Clinton to unzip symbol of German unity
Germany marked the 12th anniversary of its reunification today with festivities at Berlin’s newly restored Brandenburg Gate and pledges of friendship with the US that softened recent conflict over policy toward Iraq.
President George Bush sent congratulations, recalling historic bonds between Americans and Germans since the Second World War and the 1989 fall of the Berlin Wall that paved the way for reunification.
Johannes Rau, Germany’s largely ceremonial president, pledged that his country would stay a strong ally.
But the Brandenburg Gate was the star of the party.

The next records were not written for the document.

(* Let $\psi\in\mathcal C$, let $F_1,F_2:\mathbb R\to(0,\infty)$ be measurable and let $h\in\Phi\cup\Psi$. Then for every $T\in SL_{\pm}(n)$, $$as^{orlicz}_{h,F_1,F_2}(\psi\circ T)=as^{orlicz}_{h,F_1,F_2}(\psi)\quad\text{and}\quad G^{orlicz}_{h,F_1,F_2}(\psi\circ T)=G^{orlicz}_{h,F_1,F_2}(\psi).$$ In particular, for $f=e^{-\psi}$, $as^{orlicz}_h(f)$ and $G^{orlicz}_h(f)$ are $SL_{\pm}(n)$-invariant.
   Context: $\mathcal C$ is the set of convex functions $\psi:\mathbb R^n\to\mathbb R\cup\{+\infty\}$ whose domain has nonempty interior; $\psi^*(y)=\sup_x(\langle x,y\rangle-\psi(x))$; $\nabla^2\psi$ is the Alexandrov Hessian; $X_\psi=\{x:\psi(x)<\infty,\ \nabla^2\psi(x)\text{ exists and is invertible}\}$. $I(g,\psi^* )=\int_{X_{\psi^*}}g$; $\mathcal F^+_{\psi^*}$ is the set of integrable $g>0$ on $X_{\psi^*}$ with $0<I(g,\psi^* )<\infty$; $\mathcal L_{\psi^*}$ is the subset of log-concave members of $\mathcal F^+_{\psi^*}$. For continuous $h:(0,\infty)\to(0,\infty)$, $V_{h,F_1,F_2}(\psi,g)=\int_{X_\psi}h\big(\frac{g(\nabla\psi(x))}{F_2(\langle x,\nabla\psi(x)\rangle-\psi(x))}\big)F_1(\psi(x))dx$. $\Phi$ is the set of $h$ that are constant or strictly convex; $\Psi$ is the set of $h$ that are constant or increasing and strictly concave. For $h\in\Phi$: $$as^{orlicz}_{h,F_1,F_2}(\psi)=\inf_{g\in\mathcal F^+_{\psi^*}}V_{h,F_1,F_2}\Big(\psi,\tfrac{(\sqrt{2\pi})^n g}{I(g,\psi^* )}\Big),\qquad G^{orlicz}_{h,F_1,F_2}(\psi)=\inf_{g\in\mathcal L_{\psi^*}}V_{h,F_1,F_2}\Big(\psi,\tfrac{(\sqrt{2\pi})^n g}{I(g,\psi^* )}\Big);$$ for $h\in\Psi$ the same with $\inf$ replaced by $\sup$. For $f=e^{-\psi}$: $as^{orlicz}_h(f)=as^{orlicz}_{h,e^{-t},e^{-t}}(\psi)$ and $G^{orlicz}_h(f)=G^{orlicz}_{h,e^{-t},e^{-t}}(\psi)$. $SL_{\pm}(n)$ is the set of linear maps with determinant $\pm1$, $(\psi\circ T)(x)=\psi(Tx)$, and for $f=e^{-\psi}$ invariance means $as^{orlicz}_h(f\circ T)=as^{orlicz}_h(f)$ etc. Standing assumption: all integrals are well defined. *)

theory Defs
  imports "HOL-Analysis.Analysis"
begin

text \<open>Functions on R^n are modelled on \<open>real ^ 'n\<close> (n = CARD('n)); functions with
  values in R \<union> {+\<infinity>} are \<open>ereal\<close>-valued functions never equal to -\<infinity>.\<close>

definition edom :: "('a \<Rightarrow> ereal) \<Rightarrow> 'a set" where
  "edom \<psi> = {x. \<psi> x < \<infinity>}"

definition convex_class :: "(real ^ 'n::finite \<Rightarrow> ereal) \<Rightarrow> bool" where
  "convex_class \<psi> \<longleftrightarrow> (\<forall>x. \<psi> x \<noteq> -\<infinity>) \<and> convex (edom \<psi>)
     \<and> convex_on (edom \<psi>) (\<lambda>x. real_of_ereal (\<psi> x)) \<and> interior (edom \<psi>) \<noteq> {}"
text \<open>The set of bounded \<open>y\<close> whose
  whole orbit stays \<open>e\<close>-far from \<open>x0\<close> is compact and misses the fibre of \<open>\<sigma> x0\<close>.\<close>
lemma uniform_separation:
  assumes e: "e > 0"
  shows "\<exists>\<eta>>0. \<forall>y. norm y \<le> R \<longrightarrow> dist (\<sigma> y) (\<sigma> x0) < \<eta> \<longrightarrow> (\<exists>A\<in>M. dist (A *v y) x0 < e)"
proof -
  define Far where "Far = cball 0 R \<inter> (\<Inter>A\<in>M. {y. e \<le> dist (A *v y) x0})"
  have far: "y \<in> Far" if "norm y \<le> R" "\<not> (\<exists>A\<in>M. dist (A *v y) x0 < e)" for y
    using that unfolding Far_def by (auto simp: not_less)
  show ?thesis
  proof (cases "Far = {}")
    case True
    then show ?thesis using far by (intro exI[of _ 1]) auto
  next
    case False
    have "closed {y. e \<le> dist (A *v y) x0}" for A :: "complex^'d^'d"
      by (intro closed_Collect_le continuous_intros)
    then have "compact Far" unfolding Far_def
      by (intro compact_Int_closed compact_cball closed_INT) auto
    moreover have "continuous_on Far (\<lambda>y. dist (\<sigma> y) (\<sigma> x0))"
      using continuous_on_subset[OF continuous] by (intro continuous_intros) auto
    ultimately obtain y0 where y0: "y0 \<in> Far" "\<forall>y\<in>Far. dist (\<sigma> y0) (\<sigma> x0) \<le> dist (\<sigma> y) (\<sigma> x0)"
      using continuous_attains_inf[OF _ False] by blast
    have "dist (\<sigma> y0) (\<sigma> x0) > 0"
    proof (rule ccontr)
      assume "\<not> ?thesis"
      then obtain A where A: "A \<in> M" "x0 = A *v y0" using separates[of x0 y0] by auto
      then have "e \<le> dist (A *v y0) x0" using y0(1) unfolding Far_def by blast
      then show False using A e by simp
    qed
    then show ?thesis
      using y0(2) far by (intro exI[of _ "dist (\<sigma> y0) (\<sigma> x0)"]) force
  qed
qed
lemma Cauchy_Schwarz_infsum:
  fixes f g :: "'a \<Rightarrow> real"
  assumes f_nonneg: "\<And>x. x \<in> X \<Longrightarrow> f x \<ge> 0" and g_nonneg: "\<And>x. x \<in> X \<Longrightarrow> g x \<ge> 0"
    and f_sq: "(\<lambda>x. (f x)\<^sup>2) summable_on X" and g_sq: "(\<lambda>x. (g x)\<^sup>2) summable_on X"
  shows "(\<lambda>x. f x * g x) summable_on X"
    and "(\<Sum>\<^sub>\<infinity>x\<in>X. f x * g x) \<le> sqrt (\<Sum>\<^sub>\<infinity>x\<in>X. (f x)\<^sup>2) * sqrt (\<Sum>\<^sub>\<infinity>x\<in>X. (g x)\<^sup>2)"
proof -
  let ?B = "sqrt (\<Sum>\<^sub>\<infinity>x\<in>X. (f x)\<^sup>2) * sqrt (\<Sum>\<^sub>\<infinity>x\<in>X. (g x)\<^sup>2)"
  have finite_bound: "(\<Sum>x\<in>F. f x * g x) \<le> ?B" if "finite F" "F \<subseteq> X" for F
  proof -
    have "(\<Sum>x\<in>F. f x * g x)\<^sup>2 \<le> (\<Sum>x\<in>F. (f x)\<^sup>2) * (\<Sum>x\<in>F. (g x)\<^sup>2)"
      by (rule Cauchy_Schwarz_ineq_sum)
    also have "\<dots> \<le> (\<Sum>\<^sub>\<infinity>x\<in>X. (f x)\<^sup>2) * (\<Sum>\<^sub>\<infinity>x\<in>X. (g x)\<^sup>2)"
      by (intro mult_mono finite_sum_le_infsum f_sq g_sq that sum_nonneg infsum_nonneg) auto
    finally have "\<bar>\<Sum>x\<in>F. f x * g x\<bar> \<le> sqrt ((\<Sum>\<^sub>\<infinity>x\<in>X. (f x)\<^sup>2) * (\<Sum>\<^sub>\<infinity>x\<in>X. (g x)\<^sup>2))"
      using real_le_rsqrt real_sqrt_abs by (metis real_sqrt_le_iff)
    then show ?thesis by (simp add: real_sqrt_mult)
  qed
  show summable: "(\<lambda>x. f x * g x) summable_on X"
    using f_nonneg g_nonneg finite_bound
    by (intro nonneg_bdd_above_summable_on) (auto intro!: bdd_aboveI2)
  show "(\<Sum>\<^sub>\<infinity>x\<in>X. f x * g x) \<le> ?B"
    using summable finite_bound by (rule infsum_le_finite_sums)
qed

lemma summable_on_Z0_powr:
  assumes "p > 1"
  shows "(\<lambda>k::int. real_of_int \<bar>k\<bar> powr (-p)) summable_on Z0"
proof -
  have "summable (\<lambda>n::nat. real n powr (-p))"
    using assms by (subst summable_real_powr_iff) simp
  then have nat_summable: "(\<lambda>n::nat. real n powr (-p)) summable_on UNIV"
    by (subst summable_on_UNIV_nonneg_real_iff) auto
  have pos: "(\<lambda>k::int. real_of_int \<bar>k\<bar> powr (-p)) summable_on {k. k > 0}"
  proof -
    have "(\<lambda>n::nat. real_of_int \<bar>int n\<bar> powr (-p)) summable_on {n. n > 0}"
      using summable_on_subset[OF nat_summable] by simp
    then show ?thesis
      by (subst (asm) summable_on_reindex_bij_witness[where j = int and i = nat and T = "{k. k > 0}"]) auto
  qed
  have neg: "(\<lambda>k::int. real_of_int \<bar>k\<bar> powr (-p)) summable_on {k. k < 0}"
  proof -
    have "(\<lambda>n::nat. real_of_int \<bar>- int n\<bar> powr (-p)) summable_on {n. n > 0}"
      using summable_on_subset[OF nat_summable] by simp
    then show ?thesis
      by (subst (asm) summable_on_reindex_bij_witness[where j = "\<lambda>n. - int n" and i = "\<lambda>k. nat (-k)"
            and T = "{k. k < 0}"]) auto
  qed
  have "Z0 = {k. k > 0} \<union> {k. k < 0}" by auto
  then show ?thesis using summable_on_union[OF pos neg] by simp
qed

lemma Hdot_norm_nonneg: "Hdot_norm s v \<ge> 0"
  unfolding Hdot_norm_def by (intro real_sqrt_ge_zero infsum_nonneg) simp

lemma in_Hdot_0_iff: "in_Hdot 0 v \<longleftrightarrow> (\<lambda>k. (cmod (v k))\<^sup>2) summable_on Z0"
  unfolding in_Hdot_def by (rule summable_on_cong) simp

lemma Hdot_norm_0: "Hdot_norm 0 v = sqrt (\<Sum>\<^sub>\<infinity>k\<in>Z0. (cmod (v k))\<^sup>2)"
  unfolding Hdot_norm_def by (rule arg_cong[where f = sqrt], rule infsum_cong) simp

lemma powr_square: "((x::real) powr a)\<^sup>2 = x powr (2 * a)"
  by (simp add: power2_eq_square powr_add[symmetric])

lemma
  assumes "\<beta> < 1/2" and "in_Hdot (-\<beta>) u"
  shows summable_on_Z0_norm_div: "(\<lambda>k. cmod (u k) / real_of_int \<bar>k\<bar>) summable_on Z0"
    and infsum_Z0_norm_div_le: "(\<Sum>\<^sub>\<infinity>k\<in>Z0. cmod (u k) / real_of_int \<bar>k\<bar>)
           \<le> sqrt (\<Sum>\<^sub>\<infinity>k\<in>Z0. real_of_int \<bar>k\<bar> powr (2 * \<beta> - 2)) * Hdot_norm (-\<beta>) u"
proof -
  define f where "f k = real_of_int \<bar>k\<bar> powr (\<beta> - 1)" for k
  define g where "g k = real_of_int \<bar>k\<bar> powr (-\<beta>) * cmod (u k)" for k
  have f_sq: "(f k)\<^sup>2 = real_of_int \<bar>k\<bar> powr (2 * \<beta> - 2)" for k
    unfolding f_def powr_square by (simp add: algebra_simps)
  have g_sq: "(g k)\<^sup>2 = real_of_int \<bar>k\<bar> powr (2 * - \<beta>) * (cmod (u k))\<^sup>2" for k
    unfolding g_def power_mult_distrib powr_square ..
  have fg: "f k * g k = cmod (u k) / real_of_int \<bar>k\<bar>" if "k \<in> Z0" for k
  proof -
    have "real_of_int \<bar>k\<bar> powr (\<beta> - 1) * real_of_int \<bar>k\<bar> powr (-\<beta>) = real_of_int \<bar>k\<bar> powr (-1)"
      using that by (simp add: powr_add[symmetric])
    then show ?thesis
      unfolding f_def g_def by (simp add: powr_minus divide_inverse algebra_simps)
  qed
  have "(\<lambda>k. (f k)\<^sup>2) summable_on Z0"
    unfolding f_sq using summable_on_Z0_powr[of "2 - 2 * \<beta>"] assms(1) by simp
  moreover have "(\<lambda>k. (g k)\<^sup>2) summable_on Z0"
    using assms(2) unfolding in_Hdot_def g_sq .
  ultimately have summable: "(\<lambda>k. f k * g k) summable_on Z0"
    and bound: "(\<Sum>\<^sub>\<infinity>k\<in>Z0. f k * g k) \<le> sqrt (\<Sum>\<^sub>\<infinity>k\<in>Z0. (f k)\<^sup>2) * sqrt (\<Sum>\<^sub>\<infinity>k\<in>Z0. (g k)\<^sup>2)"
    using Cauchy_Schwarz_infsum[of Z0 f g] by (auto simp: f_def g_def)
  show "(\<lambda>k. cmod (u k) / real_of_int \<bar>k\<bar>) summable_on Z0"
    using summable_on_cong[OF fg] summable ..
  have "(\<Sum>\<^sub>\<infinity>k\<in>Z0. f k * g k) = (\<Sum>\<^sub>\<infinity>k\<in>Z0. cmod (u k) / real_of_int \<bar>k\<bar>)"
    using fg by (rule infsum_cong)
  then show "(\<Sum>\<^sub>\<infinity>k\<in>Z0. cmod (u k) / real_of_int \<bar>k\<bar>)
      \<le> sqrt (\<Sum>\<^sub>\<infinity>k\<in>Z0. real_of_int \<bar>k\<bar> powr (2 * \<beta> - 2)) * Hdot_norm (-\<beta>) u"
    using bound unfolding f_sq g_sq Hdot_norm_def by simp
qed

definition conv_index :: "int \<Rightarrow> int set" where
  "conv_index m = {j. j \<noteq> 0 \<and> m - j \<noteq> 0}"

lemma
  assumes "in_Hdot 0 v" and "in_Hdot 0 w"
  shows summable_on_conv_index: "(\<lambda>j. cmod (v j) * cmod (w (m - j))) summable_on conv_index m"
    and infsum_conv_index_le:
      "(\<Sum>\<^sub>\<infinity>j\<in>conv_index m. cmod (v j) * cmod (w (m - j))) \<le> Hdot_norm 0 v * Hdot_norm 0 w"
proof -
  have sub: "conv_index m \<subseteq> Z0" unfolding conv_index_def by auto
  have reflect: "bij_betw (\<lambda>j. m - j) (conv_index m) (conv_index m)"
    by (rule bij_betw_byWitness[where f' = "\<lambda>j. m - j"]) (auto simp: conv_index_def)
  have v_sq: "(\<lambda>j. (cmod (v j))\<^sup>2) summable_on conv_index m"
    using assms(1) sub unfolding in_Hdot_0_iff by (rule summable_on_subset)
  have w_sq_unshifted: "(\<lambda>j. (cmod (w j))\<^sup>2) summable_on conv_index m"
    using assms(2) sub unfolding in_Hdot_0_iff by (rule summable_on_subset)
  then have w_sq: "(\<lambda>j. (cmod (w (m - j)))\<^sup>2) summable_on conv_index m"
    using summable_on_reindex_bij_betw[OF reflect, of "\<lambda>j. (cmod (w j))\<^sup>2"] by simp
  have v_le: "(\<Sum>\<^sub>\<infinity>j\<in>conv_index m. (cmod (v j))\<^sup>2) \<le> (\<Sum>\<^sub>\<infinity>j\<in>Z0. (cmod (v j))\<^sup>2)"
    using v_sq assms(1) sub unfolding in_Hdot_0_iff by (rule infsum_mono2) auto
  have "(\<Sum>\<^sub>\<infinity>j\<in>conv_index m. (cmod (w j))\<^sup>2) \<le> (\<Sum>\<^sub>\<infinity>j\<in>Z0. (cmod (w j))\<^sup>2)"
    using w_sq_unshifted assms(2) sub unfolding in_Hdot_0_iff by (rule infsum_mono2) auto
  then have w_le: "(\<Sum>\<^sub>\<infinity>j\<in>conv_index m. (cmod (w (m - j)))\<^sup>2) \<le> (\<Sum>\<^sub>\<infinity>j\<in>Z0. (cmod (w j))\<^sup>2)"
    using infsum_reindex_bij_betw[OF reflect, of "\<lambda>j. (cmod (w j))\<^sup>2"] by simp
  note CS = Cauchy_Schwarz_infsum[of "conv_index m" "\<lambda>j. cmod (v j)" "\<lambda>j. cmod (w (m - j))", OF _ _ v_sq w_sq]
  show "(\<lambda>j. cmod (v j) * cmod (w (m - j))) summable_on conv_index m"
    using CS(1) by simp
  have "sqrt (\<Sum>\<^sub>\<infinity>j\<in>conv_index m. (cmod (v j))\<^sup>2) * sqrt (\<Sum>\<^sub>\<infinity>j\<in>conv_index m. (cmod (w (m - j)))\<^sup>2)
      \<le> Hdot_norm 0 v * Hdot_norm 0 w"
    unfolding Hdot_norm_0 by (intro mult_mono real_sqrt_le_mono v_le w_le) (auto intro!: infsum_nonneg)
  with CS(2) show "(\<Sum>\<^sub>\<infinity>j\<in>conv_index m. cmod (v j) * cmod (w (m - j))) \<le> Hdot_norm 0 v * Hdot_norm 0 w"
    by simp
qed

lemma
  fixes a :: "'a \<Rightarrow> real" and g :: "'a \<Rightarrow> 'b \<Rightarrow> real"
  assumes a: "a summable_on A" "\<And>x. x \<in> A \<Longrightarrow> a x \<ge> 0"
    and g: "\<And>x. x \<in> A \<Longrightarrow> g x summable_on B x" "\<And>x y. x \<in> A \<Longrightarrow> y \<in> B x \<Longrightarrow> g x y \<ge> 0"
    and g_le: "\<And>x. x \<in> A \<Longrightarrow> infsum (g x) (B x) \<le> c"
  shows summable_on_Sigma_mult: "(\<lambda>(x, y). a x * g x y) summable_on Sigma A B"
    and infsum_Sigma_mult_le: "infsum (\<lambda>(x, y). a x * g x y) (Sigma A B) \<le> infsum a A * c"
proof -
  define G where "G x = a x * infsum (g x) (B x)" for x
  have G_le: "G x \<le> a x * c" if "x \<in> A" for x
    unfolding G_def using that a(2) g_le by (simp add: mult_left_mono)
  have ac: "(\<lambda>x. a x * c) summable_on A"
    using a(1) by (rule summable_on_cmult_left)
  have G: "G summable_on A"
    using ac by (rule summable_on_comparison_test) (use G_le a(2) g(2) in \<open>auto simp: G_def infsum_nonneg\<close>)
  show summable: "(\<lambda>(x, y). a x * g x y) summable_on Sigma A B"
  proof (rule summable_on_SigmaI[where g = G])
    show "((\<lambda>y. case (x, y) of (x, y) \<Rightarrow> a x * g x y) has_sum G x) (B x)" if "x \<in> A" for x
      unfolding G_def using has_sum_cmult_right[OF has_sum_infsum[OF g(1)[OF that]]] by simp
  qed (use G a(2) g(2) in auto)
  have "infsum (\<lambda>(x, y). a x * g x y) (Sigma A B) = infsum G A"
    using infsum_Sigma_banach[OF summable] by (simp add: G_def[abs_def] infsum_cmult_right')
  also have "\<dots> \<le> infsum (\<lambda>x. a x * c) A"
    using G ac G_le by (rule infsum_mono)
  also have "\<dots> = infsum a A * c"
    by (rule infsum_cmult_left')
  finally show "infsum (\<lambda>(x, y). a x * g x y) (Sigma A B) \<le> infsum a A * c" .
qed
(* Let $F,G$ be continuous bivariate df's with marginal df's $F_i,G_i$, $i=1,2$, satisfying $\lim_{t\to\infty}\bar F_i(t)/\bar G_i(t)=1$, and assume $\lim_{n\to\infty}F_i^n(nx)=\Phi(x)$ for all $x\in\mathbb{R}$, $i=1,2$. Let $(X_1,X_2)$ have df $F$. Then the following are equivalent: (i) $\lim_{n\to\infty}n\,\mathbb{P}(X_1>nx_1,X_2>nx_2)=0$ for all $x_1,x_2\in(0,\infty)$; (ii) $\lim_{n\to\infty}n\,\mathbb{P}(X_1>n,X_2>n)=0$; (iii) $\lim_{n\to\infty}n\int_{\mathbb{R}^2}G^n(x_1,x_2)\,dF(x_1,x_2)=0$; (iv) $\lim_{n\to\infty}n\int_{\mathbb{R}^2}[1-F(x_1,x_2)]\,dG^n(x_1,x_2)=2$; (v) $\lim_{n\to\infty}n\,\mathbb{P}(G(X_1,X_2)>1-1/n)=0$.
   Context: $\Phi(x)=e^{-1/x}$ for $x>0$ and $\Phi(x)=0$ for $x\le0$; $\bar F_i=1-F_i$, $\bar G_i=1-G_i$. *)

theory Defs
  imports "HOL-Probability.Probability"
begin

definition Phi :: "real \<Rightarrow> real" where
  "Phi x = (if x > 0 then exp (- 1 / x) else 0)"

definition bdf :: "(real \<times> real) measure \<Rightarrow> real \<times> real \<Rightarrow> real" where
  "bdf M x = measure M ({..fst x} \<times> {..snd x})"

definition marg1 :: "(real \<times> real) measure \<Rightarrow> real \<Rightarrow> real" where
  "marg1 M t = measure M ({..t} \<times> UNIV)"

definition marg2 :: "(real \<times> real) measure \<Rightarrow> real \<Rightarrow> real" where
  "marg2 M t = measure M (UNIV \<times> {..t})"

text \<open>The probability measure with df G^n: law of the componentwise maximum
  of n independent copies of a random vector with law M.\<close>
definition maxpow :: "(real \<times> real) measure \<Rightarrow> nat \<Rightarrow> (real \<times> real) measure" where
  "maxpow M n = distr (PiM {..<n} (\<lambda>_. M)) borel
     (\<lambda>\<omega>. (MAX i\<in>{..<n}. fst (\<omega> i), MAX i\<in>{..<n}. snd (\<omega> i)))"

end

theory Submission
  imports Defs
begin

text \<open>
  The diagonal tail \<open>t \<mapsto> P(X\<^sub>1 > t, X\<^sub>2 > t)\<close> is monotone, so \<open>n P(X\<^sub>1 > n c, X\<^sub>2 > n c) \<rightarrow> 0\<close>
  for one \<open>c > 0\<close> iff \<open>t P(X\<^sub>1 > t, X\<^sub>2 > t) \<rightarrow> 0\<close> as \<open>t \<rightarrow> \<infinity>\<close>; this gives (i) \<open>\<Leftrightarrow>\<close> (ii).
  Taking logarithms in \<open>F\<^sub>i\<^sup>n(n x) \<rightarrow> e\<^sup>-\<^sup>1\<^sup>/\<^sup>x\<close> gives \<open>n (1 - F\<^sub>i(n x)) \<rightarrow> 1/x\<close>, and by tail
  equivalence the same holds for \<open>G\<^sub>i\<close>. Since \<open>1 - G\<close> lies between \<open>max\<^sub>i (1 - G\<^sub>i)\<close> and
  \<open>\<Sum>\<^sub>i (1 - G\<^sub>i)\<close>, the level set \<open>{G > 1 - 1/n}\<close> is eventually squeezed between \<open>]4n, \<infinity>[\<^sup>2\<close> and
  \<open>]n/2, \<infinity>[\<^sup>2\<close>, which gives (ii) \<open>\<Leftrightarrow>\<close> (v).

  For \<open>V = G(X) \<in> [0, 1]\<close>, Markov's inequality gives \<open>P(V > 1 - 1/n) \<le> e\<^sup>2 E V\<^sup>n\<close>. Conversely,
  writing \<open>E (1 - U)\<^sup>n\<close> as a layer-cake integral shows \<open>n E (1 - U)\<^sup>n \<rightarrow> c\<close> whenever
  \<open>P(U \<le> v) \<sim> c v\<close> as \<open>v \<rightarrow> 0\<^sup>+\<close>; with \<open>U = 1 - V\<close> and \<open>c = 0\<close> this gives (iii) \<open>\<Leftrightarrow>\<close> (v).
  Finally, Fubini and inclusion-exclusion give
  \<open>n \<integral> (1 - F) dG\<^sup>n = n E G\<^sub>1\<^sup>n(X\<^sub>1) + n E G\<^sub>2\<^sup>n(X\<^sub>2) - n E G\<^sup>n(X)\<close>, and the same argument,
  applied through the quantile transform of \<open>G\<^sub>i\<close>, sends both marginal terms to \<open>1\<close>; this gives
  (iii) \<open>\<Leftrightarrow>\<close> (iv).
\<close>

section \<open>Scaling limits on the real line\<close>

lemma filterlim_real_mult_sequentially:
  "c > 0 \<Longrightarrow> filterlim (\<lambda>n::nat. real n * c) at_top sequentially"
  by (rule filterlim_at_top_mult_tendsto_pos[OF tendsto_const _ filterlim_real_sequentially])

lemma mult_tendsto_zero_at_top_of_seq:
  fixes h :: "real \<Rightarrow> real"
  assumes anti: "\<And>s t. 0 < s \<Longrightarrow> s \<le> t \<Longrightarrow> h t \<le> h s" and nonneg: "\<And>t. 0 \<le> h t"
    and c: "c > 0" and lim: "(\<lambda>n::nat. real n * h (real n * c)) \<longlonglongrightarrow> 0"
  shows "((\<lambda>t. t * h t) \<longlongrightarrow> 0) at_top"
proof -
  define N where "N t = nat \<lfloor>t / c\<rfloor>" for t
  have "filterlim (\<lambda>t. t / c) at_top at_top"
    using filterlim_at_top_mult_tendsto_pos[OF tendsto_const[of "1 / c"] _ filterlim_ident] c by simp
  then have "filterlim N sequentially at_top"
    unfolding N_def
    by (intro filterlim_compose[OF filterlim_nat_sequentially] filterlim_compose[OF filterlim_floor_sequentially])
  then have "((\<lambda>t. 2 * c * (real (N t) * h (real (N t) * c))) \<longlongrightarrow> 2 * c * 0) at_top"
    by (intro tendsto_mult_left filterlim_compose[OF lim])
  then have bound_lim: "((\<lambda>t. 2 * c * (real (N t) * h (real (N t) * c))) \<longlongrightarrow> 0) at_top"
    by simp
  show ?thesis
  proof (rule tendsto_sandwich[OF _ _ tendsto_const bound_lim])
    show "\<forall>\<^sub>F t in at_top. 0 \<le> t * h t"
      using eventually_ge_at_top[of 0] by eventually_elim (simp add: nonneg)
    show "\<forall>\<^sub>F t in at_top. t * h t \<le> 2 * c * (real (N t) * h (real (N t) * c))"
      using eventually_ge_at_top[of c]
    proof eventually_elim
      case (elim t)
      have "1 \<le> t / c" using elim c by simp
      then have "1 \<le> \<lfloor>t / c\<rfloor>" by simp
      moreover from this have "real (N t) = of_int \<lfloor>t / c\<rfloor>" unfolding N_def by simp
      ultimately have N: "1 \<le> real (N t)" "real (N t) \<le> t / c" "t / c < real (N t) + 1"
        by linarith+
      have "t < c * (real (N t) + 1)" using N c by (simp add: field_simps)
      also have "\<dots> \<le> c * (2 * real (N t))" using N c by (intro mult_left_mono) auto
      finally have "t \<le> 2 * c * real (N t)" by simp
      moreover have "h t \<le> h (real (N t) * c)"
        using N c by (intro anti) (simp_all add: field_simps)
      ultimately have "t * h t \<le> (2 * c * real (N t)) * h (real (N t) * c)"
        using nonneg[of t] c by (intro mult_mono) auto
      then show ?case by (simp add: algebra_simps)
    qed
  qed
qed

After nightfall, Germany’s most famous landmark was to be unveiled in gleaming splendour after a two year, €4m makeover that stripped decades of grime from its sandstone pillars and mantle.
Berlin Mayor Klaus Wowereit, helped by former US President Bill Clinton, planned to open a giant zip on a shroud enveloping the 18th-century Prussian gate, which has been hidden from view as the capital’s new government district took shape around it.
More than any other monument, the Brandenburg Gate reflects the turbulences of German history. Once a backdrop for French and Prussian triumphs, then a symbol of Prussian militarism, the gate wound up in the no man’s land between East and West Berlin when Berlin was divided during the Cold War.
When crumbling communist East Germany opened the Berlin Wall in November 1989, people partied on top of the barrier. East and West Germany became one country again on October 3 1990 – the date marked annually since then as Unity Day.